Now if you increase the vector length, you will do more stuff within the k loop, so the cache miss is less severe.
Now in this case you can just swap the loops to get rid of the inefficient memory accesses (another 3Ă— speedup):
for (c, a) |*c_row, a_row| {
for (0..n) |k| {
var j: u32 = 0;
while (j <= n - vec_len) : (j += vec_len) {
const u: @Vector(vec_len, T) = b[k][j..][0..vec_len].*;
const y: @Vector(vec_len, T) = c_row.*[j..][0..vec_len].*;
const w: @Vector(vec_len, T) = @splat(a_row[k]);
c_row.*[j..][0..vec_len].* = (u * w) + y;
}
while (j < n) : (j += 1) {
c_row.*[j] += a_row[k] * b[k][j];
}
}
}
Also note that I removed your useless @memcpy.

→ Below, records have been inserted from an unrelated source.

(* Let $W \subset \mathbb{R}^2$ be the Warsaw Circle. Then the zeroth Milnor-Thurston homology group $\mathcal{H}_0(W)$, equipped with the Berlanga topology, is not a Hausdorff space.
   Context: The Warsaw Circle $W \subset \mathbb{R}^2$ is the union of: the portion of the topologist's sine curve $\{(x,y) : y = \sin(1/x),\ x>0\}$ between the line $x=0$ and its rightmost minimum; the segment $\{(0,y) : -1 \leq y \leq 1\}$; and an arc (disjoint from the rest except at endpoints) joining $(0,-1)$ to that rightmost minimum. Milnor-Thurston (measure) homology: for a topological space $X$ and integer $k \geq 0$, let $C^0(\Delta^k, X)$ be the space of continuous maps from the standard $k$-simplex $\Delta^k$ to $X$, with the compact-open topology. $\mathcal{C}_k(X)$ is the real vector space of finite signed Borel measures on $C^0(\Delta^k,X)$ admitting a compact carrier (a set whose complement contains only Borel sets of measure zero). The boundary $\partial : \mathcal{C}_k(X) \to \mathcal{C}_{k-1}(X)$ is $\partial = \sum_{i=0}^k (-1)^i \partial_i$, where $\partial_i \mu$ is the image measure $A \mapsto \mu(\{\sigma : \sigma\circ\delta_i \in A\})$, with $\delta_i : \Delta^{k-1} \to \Delta^k$ the standard inclusion of the $i$-th face. Let $\mathcal{Z}_k(X)$ and $\mathcal{B}_k(X)$ be the cycles and boundaries; $\mathcal{H}_k(X) = \mathcal{Z}_k(X)/\mathcal{B}_k(X)$ is the Milnor-Thurston homology. Berlanga topology (for $X$ second countable and separable, such as $W$): for each continuous function $f : C^0(\Delta^k, X) \to \mathbb{R}$ consider the linear functional $\Lambda_f(\mu) = \int_{C^0(\Delta^k,X)} f\, d\mu$ on $\mathcal{C}_k(X)$; give $\mathcal{C}_k(X)$ the weakest topology making all $\Lambda_f$ continuous (a locally convex vector space topology). Give $\mathcal{Z}_k(X)$ and $\mathcal{B}_k(X)$ the subspace topologies and $\mathcal{H}_k(X)$ the quotient topology; this is the Berlanga topology on $\mathcal{H}_k(X)$. *)

theory Defs
  imports "HOL-Analysis.Analysis" "HOL-Homology.Homology"
begin

section \<open>The Warsaw circle (core part; the closing arc is a parameter)\<close>

text \<open>The rightmost minimum of sin(1/x) on x>0 is at x = 2/(3 pi).\<close>
definition warsaw_xmin :: real where "warsaw_xmin = 2 / (3 * pi)"

definition warsaw_sine_part :: "(real \<times> real) set" where
  "warsaw_sine_part = {(x, sin (1 / x)) | x. 0 < x \<and> x \<le> warsaw_xmin}"

definition warsaw_segment :: "(real \<times> real) set" where
  "warsaw_segment = {(0, y) | y. -1 \<le> y \<and> y \<le> 1}"

definition compact_open_simplices :: "nat \<Rightarrow> 'a topology \<Rightarrow> ((nat \<Rightarrow> real) \<Rightarrow> 'a) topology" where
  "compact_open_simplices k X = topology_generated_by
     {{\<sigma>. singular_simplex k X \<sigma> \<and> \<sigma> ` K \<subseteq> U} | K U.
        compactin (subtopology (powertop_real UNIV) (standard_simplex k)) K \<and> openin X U}"

definition borel_sets_of :: "'b topology \<Rightarrow> 'b set set" where
  "borel_sets_of T = sigma_sets (topspace T) {U. openin T U}"

text \<open>A finite signed Borel measure, represented as a real-valued set function which is
  countably additive on Borel sets and (by normalisation) zero on non-Borel sets.\<close>
definition finite_signed_borel_measure :: "'b topology \<Rightarrow> ('b set \<Rightarrow> real) \<Rightarrow> bool" where
  "finite_signed_borel_measure T \<mu> \<longleftrightarrow>
     (\<forall>A. A \<notin> borel_sets_of T \<longrightarrow> \<mu> A = 0) \<and>
     (\<forall>A :: nat \<Rightarrow> 'b set. range A \<subseteq> borel_sets_of T \<longrightarrow> disjoint_family A \<longrightarrow>
         (\<lambda>n. \<mu> (A n)) sums \<mu> (\<Union>n. A n))"

definition has_compact_carrier :: "'b topology \<Rightarrow> ('b set \<Rightarrow> real) \<Rightarrow> bool" where
  "has_compact_carrier T \<mu> \<longleftrightarrow>
     (\<exists>K. compactin T K \<and> (\<forall>B \<in> borel_sets_of T. B \<inter> K = {} \<longrightarrow> \<mu> B = 0))"

definition jordan_pos :: "'b topology \<Rightarrow> ('b set \<Rightarrow> real) \<Rightarrow> 'b set \<Rightarrow> real" where
  "jordan_pos T \<mu> A = (SUP B \<in> {B \<in> borel_sets_of T. B \<subseteq> A}. \<mu> B)"

definition measure_of_fun :: "'b topology \<Rightarrow> ('b set \<Rightarrow> real) \<Rightarrow> 'b measure" where
  "measure_of_fun T \<nu> = measure_of (topspace T) (borel_sets_of T) (\<lambda>A. ennreal (\<nu> A))"

definition signed_integral :: "'b topology \<Rightarrow> ('b set \<Rightarrow> real) \<Rightarrow> ('b \<Rightarrow> real) \<Rightarrow> real" where
  "signed_integral T \<mu> f =
     integral\<^sup>L (measure_of_fun T (jordan_pos T \<mu>)) f
   - integral\<^sup>L (measure_of_fun T (jordan_pos T (\<lambda>A. - \<mu> A))) f"

type_synonym 'a mt_chain = "((nat \<Rightarrow> real) \<Rightarrow> 'a) set \<Rightarrow> real"

definition mt_chains :: "nat \<Rightarrow> 'a topology \<Rightarrow> 'a mt_chain set" where
  "mt_chains k X = {\<mu>. finite_signed_borel_measure (compact_open_simplices k X) \<mu>
                      \<and> has_compact_carrier (compact_open_simplices k X) \<mu>}"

Now it still seems that the larger vectors are faster (10 ms vs 9 ms), but this is not significant because it could also come from differences in code alignment.
Just a side note: if you want some real “realtime” (pun intended) and “critical mission applications”, just do not use CPUs with d/i caches, they are by theirs nature unpredictable in the sense that it is extremely hard to estimate how long a given piece of code will take to execute.